Pied Piper of Hamelin.jpg

Carrying around a bag of rats is not a risk-free proposition. Consider imposing other deterrents to metagaming.

Anyone trying to play the Pied Piper of Hamelin may suffer disadvantage in social interactions, as a result of their vile behavior. One may question how long the other party members will tolerate such behavior.

Small vermin are likely to carry diseases. Sticking your hand into a bag of rats is liable to get you bitten. Next thing you know, you might be dealing with a nasty case of Sewer Plague (Dungeon Master’s Guide p. 257).

3 thoughts on “The “Bag of Rats” Problem

  1. Nice to see the same issues persist. I recall having these conversations with my group 15 years ago.

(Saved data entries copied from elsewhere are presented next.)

(* For all $n\in\mathbb N=\{0,1,2,\dots\}$ and all integers $d\geq 1$, the rational fraction $$S_{n,d}=\sum_{k=0}^nU_{d-1}\circ T_{(d+1)^k}\prod_{j=0}^k\frac{1}{U_d\circ T_{(d+1)^j}}\in\mathbb Q(x)$$ satisfies the identity $$S_{n,d}^2-2xS_{n,d}+1=\left(\prod_{j=0}^n\frac{1}{U_d\circ T_{(d+1)^j}}\right)^2.$$
   Context: $T_n=T_n(x)$ and $U_n=U_n(x)$ denote the Chebyshev polynomials of the first and second kind, defined by $T_0=1$, $T_1=x$, $T_{n+1}=2xT_n-T_{n-1}$ and $U_0=1$, $U_1=2x$, $U_{n+1}=2xU_n-U_{n-1}$ for $n\geq1$. The symbol $\circ$ denotes composition of polynomials, so $U_{d}\circ T_m$ is $U_d(T_m(x))$. *)

theory Defs
  imports "HOL-Computational_Algebra.Computational_Algebra"
begin

fun cheb_T :: "nat \<Rightarrow> rat poly" where
  "cheb_T 0 = 1"
| "cheb_T (Suc 0) = [:0, 1:]"
| "cheb_T (Suc (Suc n)) = [:0, 2:] * cheb_T (Suc n) - cheb_T n"

fun cheb_U :: "nat \<Rightarrow> rat poly" where
  "cheb_U 0 = 1"
| "cheb_U (Suc 0) = [:0, 2:]"
| "cheb_U (Suc (Suc n)) = [:0, 2:] * cheb_U (Suc n) - cheb_U n"

definition rf :: "rat poly \<Rightarrow> rat poly fract" where
  "rf p = Fract p 1"

definition S :: "nat \<Rightarrow> nat \<Rightarrow> rat poly fract" where
  "S n d = (\<Sum>k=0..n. rf (pcompose (cheb_U (d - 1)) (cheb_T ((d + 1) ^ k))) *
              (\<Prod>j=0..k. 1 / rf (pcompose (cheb_U d) (cheb_T ((d + 1) ^ j)))))"

end

theory Submission
  imports Defs
begin

text \<open>
  Put \<open>V_j = U_d \<circ> T_{(d+1)^j}\<close>, \<open>W_j = U_{d-1} \<circ> T_{(d+1)^j}\<close>, \<open>Y_j = T_{(d+1)^j}\<close> and
  \<open>P_n = \<Prod>_{j\<le>n} 1/V_j\<close>. Composing the Cassini-type identity
  \<open>U_d^2 - 2x U_d U_{d-1} + U_{d-1}^2 = 1\<close> with \<open>Y_j\<close> gives
  \<open>V_j^2 - 2 Y_j V_j W_j + W_j^2 = 1\<close>, and composing \<open>x U_d - U_{d-1} = T_{d+1}\<close> with \<open>Y_j\<close>
  gives \<open>Y_j V_j - W_j = Y_{j+1}\<close>, since \<open>T_a \<circ> T_b = T_{ab}\<close>. From these two relations
  alone, induction on \<open>n\<close> proves the identity together with \<open>x - S_n = Y_{n+1} P_n\<close>;
  the quadratic identity by itself is not inductive.
\<close>

text \<open>The recurrences are restated with the factor \<open>2 * [:0, 1:]\<close> so that ring normalisation
  applies; for the same reason some proofs below disable \<open>mult_pCons_left/right\<close>, which would
  turn \<open>[:0, 1:] * p\<close> into \<open>pCons 0 p\<close>.\<close>

lemma cheb_T_Suc_Suc: "cheb_T (Suc (Suc n)) = 2 * [:0, 1:] * cheb_T (Suc n) - cheb_T n"
  by (simp add: numeral_poly)

lemma cheb_U_Suc_Suc: "cheb_U (Suc (Suc n)) = 2 * [:0, 1:] * cheb_U (Suc n) - cheb_U n"
  by (simp add: numeral_poly)

lemma cheb_U_Suc_0: "cheb_U (Suc 0) = 2 * [:0, 1:]"
  by (simp add: numeral_poly)

declare cheb_T.simps(3)[simp del] cheb_U.simps(2,3)[simp del]
lemmas cheb_simps = cheb_T.simps(1,2) cheb_T_Suc_Suc cheb_U.simps(1) cheb_U_Suc_0 cheb_U_Suc_Suc

lemma cheb_T_recurrence:
  "k \<ge> 1 \<Longrightarrow> 2 * [:0, 1:] * cheb_T k = cheb_T (k + 1) + cheb_T (k - 1)"
  by (cases k rule: cheb_T.cases) (auto simp: cheb_simps)

lemma cheb_T_mult:
  "m \<le> n \<Longrightarrow> 2 * cheb_T m * cheb_T n = cheb_T (m + n) + cheb_T (n - m)"
proof (induction m arbitrary: n rule: cheb_T.induct)
  case 1
  then show ?case by simp
next
  case 2
  then show ?case using cheb_T_recurrence[of n] by (simp add: algebra_simps)
next
  case (3 k)
  have IH1: "2 * cheb_T (Suc k) * cheb_T n = cheb_T (Suc k + n) + cheb_T (n - Suc k)"
    using 3 by simp
  have IH0: "2 * cheb_T k * cheb_T n = cheb_T (k + n) + cheb_T (n - k)"
    using 3 by simp
  have rec_sum: "2 * [:0, 1:] * cheb_T (Suc k + n) = cheb_T (Suc (Suc k) + n) + cheb_T (k + n)"
    using cheb_T_recurrence[of "Suc k + n"] by simp
  have rec_diff: "2 * [:0, 1:] * cheb_T (n - Suc k) = cheb_T (n - k) + cheb_T (n - Suc (Suc k))"
    using cheb_T_recurrence[of "n - Suc k"] 3(3) by (simp add: Suc_diff_Suc)
  have "2 * cheb_T (Suc (Suc k)) * cheb_T n
      = 2 * [:0, 1:] * (2 * cheb_T (Suc k) * cheb_T n) - 2 * cheb_T k * cheb_T n"
    by (simp add: cheb_T_Suc_Suc algebra_simps)
  also have "\<dots> = 2 * [:0, 1:] * cheb_T (Suc k + n) + 2 * [:0, 1:] * cheb_T (n - Suc k)
      - (cheb_T (k + n) + cheb_T (n - k))"
    unfolding IH1 IH0 by (simp add: algebra_simps)
  also have "\<dots> = cheb_T (Suc (Suc k) + n) + cheb_T (n - Suc (Suc k))"
    by (simp only: rec_sum rec_diff)
  finally show ?case .
qed

lemma pcompose_numeral [simp]: "pcompose (numeral k) q = numeral k"
  by (simp add: numeral_poly)

lemma pcompose_power: "pcompose (p ^ n) q = pcompose p q ^ n"
  by (induction n) (simp_all add: pcompose_1 pcompose_mult)

lemma cheb_T_pcompose: "pcompose (cheb_T a) (cheb_T b) = cheb_T (a * b)"
proof (induction a rule: cheb_T.induct)
  case 1
  then show ?case by (simp add: pcompose_1)
next
  case 2
  then show ?case by (simp add: pcompose_pCons)
next
  case (3 a)
  have "2 * cheb_T b * cheb_T (Suc a * b) = cheb_T (b + Suc a * b) + cheb_T (Suc a * b - b)"
    by (rule cheb_T_mult) simp
  then have rec: "cheb_T (Suc (Suc a) * b) = 2 * cheb_T b * cheb_T (Suc a * b) - cheb_T (a * b)"
    by (simp add: algebra_simps)
  show ?case
    using 3 unfolding rec cheb_T_Suc_Suc
    by (simp add: pcompose_diff pcompose_mult pcompose_pCons del: mult_Suc)
qed

lemma cheb_U_cassini:
  "cheb_U (Suc n) ^ 2 - 2 * [:0, 1:] * cheb_U (Suc n) * cheb_U n + cheb_U n ^ 2 = 1"
  by (induction n)
    (simp_all add: cheb_simps power2_eq_square algebra_simps del: mult_pCons_left mult_pCons_right)

lemma cheb_T_Suc_Suc_eq_cheb_U:
  "[:0, 1:] * cheb_U (Suc n) - cheb_U n = cheb_T (Suc (Suc n))"
proof (induction n rule: cheb_T.induct)
  case (3 n)
  have "[:0, 1:] * cheb_U (Suc (Suc (Suc n))) - cheb_U (Suc (Suc n))
      = 2 * [:0, 1:] * ([:0, 1:] * cheb_U (Suc (Suc n)) - cheb_U (Suc n))
        - ([:0, 1:] * cheb_U (Suc n) - cheb_U n)"
    by (simp only: cheb_U_Suc_Suc) (simp add: algebra_simps)
  then show ?case
    using 3 by (simp add: cheb_T_Suc_Suc del: mult_pCons_left mult_pCons_right)
qed (simp_all add: cheb_simps algebra_simps)

lemma poly_cheb_T_1 [simp]: "poly (cheb_T k) 1 = 1"
  by (induction k rule: cheb_T.induct) (simp_all add: cheb_simps)

lemma poly_cheb_U_1 [simp]: "poly (cheb_U k) 1 = of_nat (k + 1)"
  by (induction k rule: cheb_T.induct) (simp_all add: cheb_simps algebra_simps)

lemma pcompose_cheb_U_cheb_T_nonzero: "pcompose (cheb_U m) (cheb_T k) \<noteq> 0"
proof
  assume "pcompose (cheb_U m) (cheb_T k) = 0"
  then have "poly (pcompose (cheb_U m) (cheb_T k)) 1 = 0" by simp
  then show False by (simp add: poly_pcompose)
qed

lemma to_fract_power [simp]: "to_fract (x ^ n) = to_fract x ^ n"
  by (induction n) simp_all

lemma to_fract_of_nat [simp]: "to_fract (of_nat n) = of_nat n"
  by (induction n) simp_all

lemma to_fract_numeral [simp]: "to_fract (numeral k) = numeral k"
  using to_fract_of_nat[of "numeral k"] by simp

lemma rf_eq_to_fract: "rf = to_fract"
  by (simp add: fun_eq_iff rf_def to_fract_def)

lemma quadratic_identity_step:
  fixes s x y v w q :: "'a::comm_ring_1"
  assumes cassini: "v\<^sup>2 - 2 * y * v * w + w\<^sup>2 = 1"
    and quad: "s\<^sup>2 - 2 * x * s + 1 = (q * v)\<^sup>2"
    and lin: "x - s = y * (q * v)"
  shows "(s + w * q)\<^sup>2 - 2 * x * (s + w * q) + 1 = q\<^sup>2"
    and "x - (s + w * q) = (y * v - w) * q"
proof -
  have s: "s = x - y * (q * v)"
    using lin by (simp add: algebra_simps)
  have x: "1 - x\<^sup>2 = q\<^sup>2 * v\<^sup>2 - y\<^sup>2 * q\<^sup>2 * v\<^sup>2"
    using quad unfolding s by (simp add: power2_eq_square algebra_simps)
  have "(s + w * q)\<^sup>2 - 2 * x * (s + w * q) + 1
      = q\<^sup>2 * (w - y * v)\<^sup>2 + (1 - x\<^sup>2)"
    unfolding s by (simp add: power2_eq_square algebra_simps)
  also have "\<dots> = q\<^sup>2 * (v\<^sup>2 - 2 * y * v * w + w\<^sup>2)"
    unfolding x by (simp add: power2_eq_square algebra_simps)
  finally show "(s + w * q)\<^sup>2 - 2 * x * (s + w * q) + 1 = q\<^sup>2"
    using cassini by simp
  show "x - (s + w * q) = (y * v - w) * q"
    unfolding s by (simp add: algebra_simps)
qed

lemma quadratic_identity_partial_sums:
  fixes v w y :: "nat \<Rightarrow> 'a::field"
  assumes nonzero: "\<And>j. v j \<noteq> 0"
    and cassini: "\<And>j. (v j)\<^sup>2 - 2 * y j * v j * w j + (w j)\<^sup>2 = 1"
    and shift: "\<And>j. y j * v j - w j = y (Suc j)"
  defines "p \<equiv> \<lambda>n. \<Prod>j=0..n. 1 / v j"
  defines "s \<equiv> \<lambda>n. \<Sum>k=0..n. w k * p k"
  shows "(s n)\<^sup>2 - 2 * y 0 * s n + 1 = (p n)\<^sup>2 \<and> y 0 - s n = y (Suc n) * p n"
proof (induction n)
  case 0
  have "s 0 = 0 + w 0 * p 0" "p 0 * v 0 = 1"
    using nonzero[of 0] by (simp_all add: s_def p_def)
  then show ?case
    using quadratic_identity_step[OF cassini[of 0], where s=0 and x="y 0" and q="p 0"] shift[of 0]
    by simp
next
  case (Suc n)
  have "s (Suc n) = s n + w (Suc n) * p (Suc n)"
    by (simp add: s_def)
  moreover have "p n = p (Suc n) * v (Suc n)"
    using nonzero[of "Suc n"] by (simp add: p_def)
  ultimately show ?case
    using Suc quadratic_identity_step[OF cassini[of "Suc n"], where s="s n" and x="y 0" and q="p (Suc n)"]
      shift[of "Suc n"] by simp
qed

theorem theorem1p1:
  fixes n d :: nat
  assumes "d \<ge> 1"
  shows "(S n d)\<^sup>2 - 2 * rf [:0, 1:] * S n d + 1
           = (\<Prod>j=0..n. 1 / rf (pcompose (cheb_U d) (cheb_T ((d + 1) ^ j))))\<^sup>2"
proof -
  obtain e where d: "d = Suc e"
    using assms by (cases d) auto
  define V where "V j = to_fract (pcompose (cheb_U d) (cheb_T ((d + 1) ^ j)))" for j
  define W where "W j = to_fract (pcompose (cheb_U (d - 1)) (cheb_T ((d + 1) ^ j)))" for j
  define Y where "Y j = to_fract (cheb_T ((d + 1) ^ j))" for j
  have "V j \<noteq> 0" for j
    by (simp add: V_def pcompose_cheb_U_cheb_T_nonzero)
  moreover have "(V j)\<^sup>2 - 2 * Y j * V j * W j + (W j)\<^sup>2 = 1" for j
    using arg_cong[OF cheb_U_cassini[of e], of "\<lambda>p :: rat poly. to_fract (pcompose p (cheb_T ((d + 1) ^ j)))"]
    by (simp add: V_def W_def Y_def d pcompose_diff pcompose_add pcompose_mult pcompose_power
        pcompose_1 pcompose_pCons)
  moreover have "Y j * V j - W j = Y (Suc j)" for j
    using arg_cong[OF cheb_T_Suc_Suc_eq_cheb_U[of e], of "\<lambda>p :: rat poly. to_fract (pcompose p (cheb_T ((d + 1) ^ j)))"]
    by (simp add: V_def W_def Y_def d pcompose_diff pcompose_mult pcompose_pCons cheb_T_pcompose)
  ultimately have "(S n d)\<^sup>2 - 2 * Y 0 * S n d + 1 = (\<Prod>j=0..n. 1 / V j)\<^sup>2"
    using quadratic_identity_partial_sums[of V Y W n]
    by (simp add: S_def V_def W_def rf_eq_to_fract)
  then show ?thesis
    by (simp add: Y_def V_def rf_eq_to_fract)
qed

end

    I recommend going with the hit die definition. (Assuming you don’t get rid of the power in your game altogether.) Whether or not the creature poses a viable threat is too circumstancial. Better to have a clear dividing line.


  2. With something like Enervate, where you are basically draining life force from your opponent, I would rule that the opponent needs to have at least enough hp to fill your HD regained (i.e. 8 hp per HD regained, and then 8hp per d8 per temporary hp). It would be ridiculous to drain a 1hp creature to gain 8hp. I would actually rule that the amount of damage caused would be the amount of temporary hp gained.
    For something like gaining a grit on a natural 20, I would rule that the player should be in combat with the creatures (so killing a sleeping creature wouldn’t count).
    This where the DM needs to be innovative and flexible and the players need to work with the DM to come up with sensible solutions.
    This is why I hate RAW/ rules lawyers as players, and as a DM, I overrule them. Don’t like my rules? Play elsewhere. I mean for us to have fun, but not by breaking the game and by doing unrealistic things.